И Александра Павловна, не договоривъ, съ укорительнымъ какъ бы выраженіемъ закачала головой.

— Я ей отдала визитъ, сказала она чрезъ мигъ, — и, надѣюсь, этимъ между нами кончится. Общаго между нами вѣдь очень мало, не правда-ли, Гриша?.. Вы хоть и были въ нее влюблены, засмѣялась она съ добродушнымъ лукавствомъ, — но вѣдь и вы съ этимъ согласитесь?

Гриша подумалъ, что звукъ его голоса выдастъ не улегшееся еще внутри его смятеніе; онъ вмѣсто отвѣта наклонился къ рукѣ милой женщины и поднесъ ее къ губамъ.

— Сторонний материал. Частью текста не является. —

section \<open>Conditional expectations, independence and a scaling inequality\<close>

lemma (in prob_space) real_cond_exp_le_on:
  fixes f g :: "'a \<Rightarrow> real"
  assumes sub: "subalgebra M F" and E: "E \<in> sets F"
    and [measurable]: "integrable M f" "integrable M g"
    and le: "\<And>A. A \<in> sets F \<Longrightarrow> A \<subseteq> E \<Longrightarrow>
               (\<integral>x. indicator A x * f x \<partial>M) \<le> (\<integral>x. indicator A x * g x \<partial>M)"
  shows "AE x in M. x \<in> E \<longrightarrow> real_cond_exp M F f x \<le> real_cond_exp M F g x"
proof -
  interpret finite_measure_subalgebra M F
    by unfold_locales (use sub in auto)
  have FM: "sets F \<subseteq> sets M" "space F = space M"
    using sub by (auto simp: subalgebra_def)
  define cf where "cf = real_cond_exp M F f"
  define cg where "cg = real_cond_exp M F g"
  have [measurable]: "cf \<in> borel_measurable F" "cg \<in> borel_measurable F"
    "cf \<in> borel_measurable M" "cg \<in> borel_measurable M"
    unfolding cf_def cg_def by measurable
  define X where "X = E \<inter> {x \<in> space F. cg x < cf x}"
  have XF: "X \<in> sets F"
    unfolding X_def using E by measurable
  then have XM[measurable]: "X \<in> sets M"
    using FM by auto
  have int: "integrable M cf" "integrable M cg"
    unfolding cf_def cg_def by (simp_all add: real_cond_exp_int(1) assms(3,4))
  have "(\<integral>x. indicator X x * cf x \<partial>M) = (\<integral>x. indicator X x * f x \<partial>M)"
    unfolding cf_def using integrable_mult_indicator[OF XM assms(3)]
    by (intro real_cond_exp_intg(2)) (simp_all add: XF borel_measurable_indicator)
  also have "\<dots> \<le> (\<integral>x. indicator X x * g x \<partial>M)"
    by (rule le[OF XF]) (auto simp: X_def)
  also have "\<dots> = (\<integral>x. indicator X x * cg x \<partial>M)"
    unfolding cg_def using integrable_mult_indicator[OF XM assms(4)]
    by (intro real_cond_exp_intg(2)[symmetric]) (simp_all add: XF borel_measurable_indicator)
  finally have "(\<integral>x. indicator X x * (cf x - cg x) \<partial>M) \<le> 0"
    using int by (simp add: right_diff_distrib integrable_real_mult_indicator mult.commute)
  moreover have nonneg: "AE x in M. 0 \<le> indicator X x * (cf x - cg x)"
    by (auto simp: X_def indicator_def)
  moreover have "integrable M (\<lambda>x. indicator X x * (cf x - cg x))"
    using integrable_mult_indicator[OF XM Bochner_Integration.integrable_diff[OF int]] by simp
  ultimately have "AE x in M. indicator X x * (cf x - cg x) = 0"
    using integral_nonneg_AE[OF nonneg] integral_nonneg_eq_0_iff_AE by (metis order_antisym)
  moreover have "AE x in M. x \<in> space M"
    by simp
  ultimately show ?thesis
    unfolding cf_def[symmetric] cg_def[symmetric]
    by eventually_elim (auto simp: X_def indicator_def FM split: if_splits)
qed

lemma (in prob_space) integral_indep_restrict_mult:
  fixes X :: "'i \<Rightarrow> 'a \<Rightarrow> real" and \<Phi> :: "('i \<Rightarrow> real) \<Rightarrow> real" and \<psi> :: "real \<Rightarrow> real"
  assumes indep: "indep_vars (\<lambda>_. borel) X I" and "J \<subseteq> I" "i \<in> I" "i \<notin> J"
    and [measurable]: "\<Phi> \<in> borel_measurable (PiM J (\<lambda>_. borel))" and "\<And>x. \<bar>\<Phi> x\<bar> \<le> B"
    and [measurable]: "\<psi> \<in> borel_measurable borel" and "\<And>y. \<bar>\<psi> y\<bar> \<le> C"
  shows "(\<integral>\<omega>. \<Phi> (restrict (\<lambda>j. X j \<omega>) J) * \<psi> (X i \<omega>) \<partial>M)
       = (\<integral>\<omega>. \<Phi> (restrict (\<lambda>j. X j \<omega>) J) \<partial>M) * (\<integral>\<omega>. \<psi> (X i \<omega>) \<partial>M)"
proof -
  have [measurable]: "\<And>j. j \<in> I \<Longrightarrow> X j \<in> borel_measurable M"
    using indep unfolding indep_vars_def by auto
  have "indep_vars (\<lambda>b. PiM (case_bool J {i} b) (\<lambda>_. borel))
          (\<lambda>b \<omega>. restrict (\<lambda>j. X j \<omega>) (case_bool J {i} b)) UNIV"
    by (rule indep_vars_restrict[OF indep])
       (use assms(2-4) in \<open>auto simp: disjoint_family_on_def split: bool.split\<close>)
  moreover have "(\<lambda>b. PiM (case_bool J {i} b) (\<lambda>_. borel))
      = case_bool (PiM J (\<lambda>_. borel)) (PiM {i} (\<lambda>_. borel :: real measure))"
    "(\<lambda>b \<omega>. restrict (\<lambda>j. X j \<omega>) (case_bool J {i} b))
      = case_bool (\<lambda>\<omega>. restrict (\<lambda>j. X j \<omega>) J) (\<lambda>\<omega>. restrict (\<lambda>j. X j \<omega>) {i})"
    by (auto split: bool.split)
  ultimately have "indep_var (PiM J (\<lambda>_. borel)) (\<lambda>\<omega>. restrict (\<lambda>j. X j \<omega>) J)
               (PiM {i} (\<lambda>_. borel)) (\<lambda>\<omega>. restrict (\<lambda>j. X j \<omega>) {i})"
    unfolding indep_var_def by simp
  then have "indep_var borel (\<Phi> \<circ> (\<lambda>\<omega>. restrict (\<lambda>j. X j \<omega>) J))
               borel ((\<lambda>x. \<psi> (x i)) \<circ> (\<lambda>\<omega>. restrict (\<lambda>j. X j \<omega>) {i}))"
    by (rule indep_var_compose) measurable
  then have "indep_var borel (\<lambda>\<omega>. \<Phi> (restrict (\<lambda>j. X j \<omega>) J)) borel (\<lambda>\<omega>. \<psi> (X i \<omega>))"
    by (simp add: comp_def)
  moreover have "(\<lambda>\<omega>. restrict (\<lambda>j. X j \<omega>) J) \<in> M \<rightarrow>\<^sub>M PiM J (\<lambda>_. borel)"
    using assms(2) by (auto intro!: measurable_restrict)
  then have "integrable M (\<lambda>\<omega>. \<Phi> (restrict (\<lambda>j. X j \<omega>) J))"
    by (intro integrable_const_bound[where B=B]) (use assms(6) in auto)
  moreover have "integrable M (\<lambda>\<omega>. \<psi> (X i \<omega>))"
    by (intro integrable_const_bound[where B=C]) (use assms(3,8) in auto)
  ultimately show ?thesis
    by (rule indep_var_lebesgue_integral)
qed

lemma le_ratio_if_scaling_bound:
  fixes F :: "real \<Rightarrow> real"
  assumes mono: "mono F" and le_1: "\<And>a. F a \<le> 1" and F_1: "F 1 = 1"
    and scale: "\<And>x \<tau>. 0 < x \<Longrightarrow> x < 1 \<Longrightarrow> 0 < \<tau> \<Longrightarrow> \<tau> < 1 \<Longrightarrow> F (x * \<tau>) \<le> x * F \<tau>"
    and "0 \<le> y" "y \<le> u" "0 < u" "u \<le> 1"
  shows "F y \<le> y / u * F u"
proof -
  have interior: "F y \<le> y / w * F w" if "0 < y" "y < w" "w < 1" for y w
    using scale[of "y / w" w] that by (simp add: divide_less_eq)
  consider "y = u" | "y = 0" | "0 < y" "y < u" "u < 1" | "0 < y" "y < u" "u = 1"
    using assms(5-8) by fastforce
  then show ?thesis
  proof cases
    case 1
    then show ?thesis using \<open>0 < u\<close> by simp
  next
    case 2
    have "F 0 \<le> w" if "0 < w" "w < 1" for w
    proof -
      have "F 0 \<le> F (w * (1 / 2))"
        using mono that by (simp add: monoD)
      also have "\<dots> \<le> w * F (1 / 2)"
        using scale[of w "1 / 2"] that by simp
      also have "\<dots> \<le> w"
        using le_1[of "1 / 2"] that by (simp add: mult_left_le)
      finally show ?thesis .
    qed
    then have "F 0 \<le> 0"
      by (intro dense_ge_bounded[of 0 1]) auto
    then show ?thesis using 2 by simp
  next
    case 3
    then show ?thesis using interior by simp
  next
    case 4
    have "F y \<le> y"
    proof (cases "F y \<le> 0")
      case False
      have "w \<le> y / F y" if "y < w" "w < 1" for w
      proof -
        have "F y \<le> y / w * F w"
          using interior 4 that by simp
        also have "\<dots> \<le> y / w"
          using mult_left_le[OF le_1[of w]] 4 that by (simp add: divide_right_mono)
        finally show ?thesis
          using False that 4 by (simp add: field_simps)
      qed
      then have "1 \<le> y / F y"
        by (intro dense_le_bounded[of y 1]) (use 4 in auto)
      then show ?thesis
        using False by (simp add: field_simps)
    qed (use 4 in auto)
    then show ?thesis using 4 F_1 by simp
  qed
qed

lemma ratio_le_increment_ratio:
  fixes l u Fl Fu :: real
  assumes "0 \<le> l" "l < u" "Fl \<le> l / u * Fu"
  shows "Fu / u \<le> (Fu - Fl) / (u - l)"
proof -
  have "u * Fl \<le> l * Fu"
    using assms by (simp add: field_simps)
  then have "Fu * (u - l) \<le> (Fu - Fl) * u"
    by (simp add: algebra_simps)
  then show ?thesis
    using assms by (simp add: divide_simps)
qed

section \<open>One step of ADDIS at a null index\<close>

locale addis_step = prob_space M
  for M :: "'a measure" +
  fixes P :: "nat \<Rightarrow> 'a \<Rightarrow> real" and al la ta :: level_fn and g :: "bool list \<Rightarrow> real"
    and T t :: nat
  assumes indep: "indep_vars (\<lambda>_. borel) P {1..}"
    and pval: "\<And>j \<omega>. j \<ge> 1 \<Longrightarrow> \<omega> \<in> space M \<Longrightarrow> P j \<omega> \<in> {0..1}"
    and g_mono: "\<And>r r'. length r = T \<Longrightarrow> list_all2 (\<le>) r r' \<Longrightarrow> g r \<le> g r'"
    and mono_al: "\<And>s. s \<ge> 1 \<Longrightarrow> mono_past al s"
    and mono_la: "\<And>s. s \<ge> 1 \<Longrightarrow> mono_past la s"
    and mono_ta: "\<And>s. s \<ge> 1 \<Longrightarrow> mono_past (\<lambda>k r c s. 1 - ta k r c s) s"
    and range: "\<And>s r c q. s \<ge> 1 \<Longrightarrow> length r = s - 1 \<Longrightarrow> length c = s - 1 \<Longrightarrow> length q = s - 1 \<Longrightarrow>
                  al s r c q \<in> {0..1} \<and> la s r c q \<in> {0..1} \<and> ta s r c q \<in> {0..1}"
    and order: "\<And>s r c q. s \<ge> 1 \<Longrightarrow> length r = s - 1 \<Longrightarrow> length c = s - 1 \<Longrightarrow> length q = s - 1 \<Longrightarrow>
                  al s r c q \<le> la s r c q \<and> la s r c q < ta s r c q"
    and t_pos: "1 \<le> t" and t_le_T: "t \<le> T"
    and cuc: "cond_unif_conservative M P al la ta t"
begin

abbreviation pvals :: "'a \<Rightarrow> nat \<Rightarrow> real" where
  "pvals \<omega> \<equiv> \<lambda>j. P j \<omega>"

abbreviation past :: "'a \<Rightarrow> bool list \<times> bool list \<times> bool list" where
  "past \<omega> \<equiv> hist al la ta (pvals \<omega>) (t - 1)"

lemma measurable_P [measurable]: "1 \<le> j \<Longrightarrow> P j \<in> borel_measurable M"
  using indep unfolding indep_vars_def by auto
lemma Accept_transmissionD:
  assumes "finite V" and "(x, y, Accept q) \<in> transmissions V E L l cls i M r"
  defines "p \<equiv> accepted V E L l cls i M r q"
  shows "proposing V E L l cls i M p" and "proposal V E L l cls i M r p = (p, q)"
    and "x = psi (fst q)" and "y = psi (fst p)" and "x \<noteq> y"
proof -
  from assms(2) have "received V E L l cls i M r q \<noteq> {}"
    unfolding Accept_transmission_iff by blast
  from accepted_in_received[OF assms(1) this]
  show "proposing V E L l cls i M p" and "proposal V E L l cls i M r p = (p, q)"
    unfolding p_def received_def by blast+
  from assms(2) show "x = psi (fst q)" and "y = psi (fst p)" and "x \<noteq> y"
    unfolding p_def Accept_transmission_iff by blast+
qed

fun is_proposal :: "'n msg \<Rightarrow> bool" where
  "is_proposal (Propose p) = True"
| "is_proposal (Accept q) = False"

lemma transmission_eq_if_same_kind:
  assumes "finite V"
    and "(x, y, m) \<in> transmissions V E L l cls i M r"
    and "(x, y, m') \<in> transmissions V E L l cls i M r"
    and "is_proposal m = is_proposal m'"
  shows "m = m'"
proof (cases m; cases m')
  fix p p' assume m: "m = Propose p" and m': "m' = Propose p'"
  from assms(2) have p: "proposing V E L l cls i M p" "x = psi (fst p)"
    unfolding m Propose_transmission_iff by blast+
  from assms(3) have p': "proposing V E L l cls i M p'" "x = psi (fst p')"
    unfolding m' Propose_transmission_iff by blast+
  have "p = p'"
  proof (rule hnode2_eqI)
    show "hnode2 V E L l cls i p" and "hnode2 V E L l cls i p'"
      using p(1) p'(1) unfolding proposing_def by blast+
    show "psi (fst p) = psi (fst p')"
      using p(2) p'(2) by simp
  qed
  then show "m = m'" unfolding m m' by simp
next
  fix q q' assume m: "m = Accept q" and m': "m' = Accept q'"
  note a = Accept_transmissionD[OF assms(1) assms(2)[unfolded m]]
  note a' = Accept_transmissionD[OF assms(1) assms(3)[unfolded m']]
  have "accepted V E L l cls i M r q = accepted V E L l cls i M r q'"
  proof (rule hnode2_eqI)
    show "hnode2 V E L l cls i (accepted V E L l cls i M r q)"
      and "hnode2 V E L l cls i (accepted V E L l cls i M r q')"
      using a(1) a'(1) unfolding proposing_def by blast+
    show "psi (fst (accepted V E L l cls i M r q)) = psi (fst (accepted V E L l cls i M r q'))"
      using a(4) a'(4) by simp
  qed
  then have "q = q'" using a(2) a'(2) by (metis prod.inject)
  then show "m = m'" unfolding m m' by simp
next
  fix p q' assume "m = Propose p" and "m' = Accept q'"
  with assms(4) show "m = m'" by simp
next
  fix q p' assume "m = Accept q" and "m' = Propose p'"
  with assms(4) show "m = m'" by simp
qed

lemma transmission_along_edge:
  assumes "finite V" and "\<And>x y. E x y \<Longrightarrow> E y x"
    and "(x, y, m) \<in> transmissions V E L l cls i M r"
  shows "E x y"
proof (cases m)
  case (Propose p)
  from assms(3)[unfolded Propose] obtain q where "x = psi (fst p)" "y \<noteq> x" "psi (fst q) = y"
    and "hedge V E L l cls i (p, q)"
    unfolding Propose_transmission_iff by blast
  then show ?thesis using hedge_vadj unfolding vadj_def by fastforce
next
  case (Accept q)
  note a = Accept_transmissionD[OF assms(1) assms(3)[unfolded Accept]]
  have "hedge V E L l cls i (accepted V E L l cls i M r q, q)"
    using hedge_proposal[OF assms(1) a(1), of r] a(2) by simp
  then have "E y x"
    using a(3-5) hedge_vadj unfolding vadj_def by fastforce
  then show ?thesis using assms(2) by blast
qed

theorem lemma9:
  fixes V :: "'a set" and E :: "'a \<Rightarrow> 'a \<Rightarrow> bool" and L l t i \<Delta> :: nat
    and cls :: "'a vnode \<Rightarrow> nat"
    and M :: "('a hnode \<times> 'a hnode) set" and r :: "'a hnode \<times> 'a hnode \<Rightarrow> nat"
  assumes "finite V"
    and "\<And>x y. E x y \<Longrightarrow> x \<in> V \<and> y \<in> V"
    and "\<And>x y. E x y \<Longrightarrow> E y x"
    and "\<And>x. \<not> E x x"
    and "\<And>x. x \<in> V \<Longrightarrow> card {y. E x y} \<le> \<Delta>"
    and "L < l" and "l \<le> 2 * L"
    and "\<And>u. old V L l u \<Longrightarrow> cls u \<in> {1..t}"
    and "i \<in> {1..t}"
    and "M \<subseteq> Collect (hedge V E L l cls i)"
    and "\<And>e e'. e \<in> M \<Longrightarrow> e' \<in> M \<Longrightarrow> e \<noteq> e' \<Longrightarrow> fst e \<noteq> fst e' \<and> snd e \<noteq> snd e'"
  shows "(\<forall>x y. finite {m. (x, y, m) \<in> transmissions V E L l cls i M r}
                \<and> card {m. (x, y, m) \<in> transmissions V E L l cls i M r} \<le> 2)
       \<and> (\<forall>x. finite {(y, m). (x, y, m) \<in> transmissions V E L l cls i M r}
                \<and> card {(y, m). (x, y, m) \<in> transmissions V E L l cls i M r} \<le> 2 * \<Delta>)"
proof (intro conjI allI)
  let ?T = "transmissions V E L l cls i M r"
  fix x y
  have inj: "inj_on is_proposal {m. (x, y, m) \<in> ?T}"
    by (rule inj_onI) (metis transmission_eq_if_same_kind[OF assms(1)] mem_Collect_eq)
  then show "finite {m. (x, y, m) \<in> ?T}"
    by (rule finite_imageD[OF finite_subset[OF subset_UNIV finite_UNIV]])
  show "card {m. (x, y, m) \<in> ?T} \<le> 2"
    using card_inj_on_le[OF inj subset_UNIV finite_UNIV] by (simp add: card_UNIV_bool)
next
  let ?T = "transmissions V E L l cls i M r"
  fix x
  let ?N = "{y. E x y}"
  have "finite ?N"
    using assms(1,2) finite_subset[of ?N V] by blast
  have "card ?N \<le> \<Delta>"
  proof (cases "x \<in> V")
    case False
    then have "?N = {}" using assms(2) by blast
    then show ?thesis by simp
  qed (rule assms(5))
  let ?kind = "\<lambda>(y, m). (y, is_proposal m)"
  have inj: "inj_on ?kind {(y, m). (x, y, m) \<in> ?T}"
    by (rule inj_onI) (clarsimp, metis transmission_eq_if_same_kind[OF assms(1)])
  have img: "?kind ` {(y, m). (x, y, m) \<in> ?T} \<subseteq> ?N \<times> UNIV"
    using transmission_along_edge[OF assms(1,3)] by auto
  have fin: "finite (?N \<times> (UNIV :: bool set))"
    using \<open>finite ?N\<close> by simp
  show "finite {(y, m). (x, y, m) \<in> ?T}"
    using finite_imageD[OF finite_subset[OF img fin] inj] .
  have "card {(y, m). (x, y, m) \<in> ?T} \<le> card ?N * 2"
    using card_inj_on_le[OF inj img fin] by (simp add: card_cartesian_product card_UNIV_bool)
  with \<open>card ?N \<le> \<Delta>\<close> show "card {(y, m). (x, y, m) \<in> ?T} \<le> 2 * \<Delta>" by linarith
qed

end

Александра Павловна ошиблась, впрочемъ, разсчитывая на то, что послѣ ея визита въ Сицкое между блестящею его хозяйкой и обитателями Всесвятскаго ""все будетъ кончено". Ровно черезъ двое сутокъ послѣ этого ея визита знакомый намъ портшезъ и соловые пони остановились у крыльца, на которомъ Маша съ нѣкотораго времени приняла привычку усаживаться съ какою-нибудь ручною работой, рядомъ съ приходившею туда же Анфисой Дмитріевной Ѳирсовой, въ извѣстные часы дня; именно тѣ, когда исправляющій должность предводителя депутатъ дворянства возвращался, покончивъ свои занятія въ городѣ, домой; тутъ обыкновенно съ первой минуты, когда онъ выскакивалъ изъ тарантаса, и почти вплоть до самаго обѣда велись у нея съ нимъ безконечные, живые, веселые разговоры.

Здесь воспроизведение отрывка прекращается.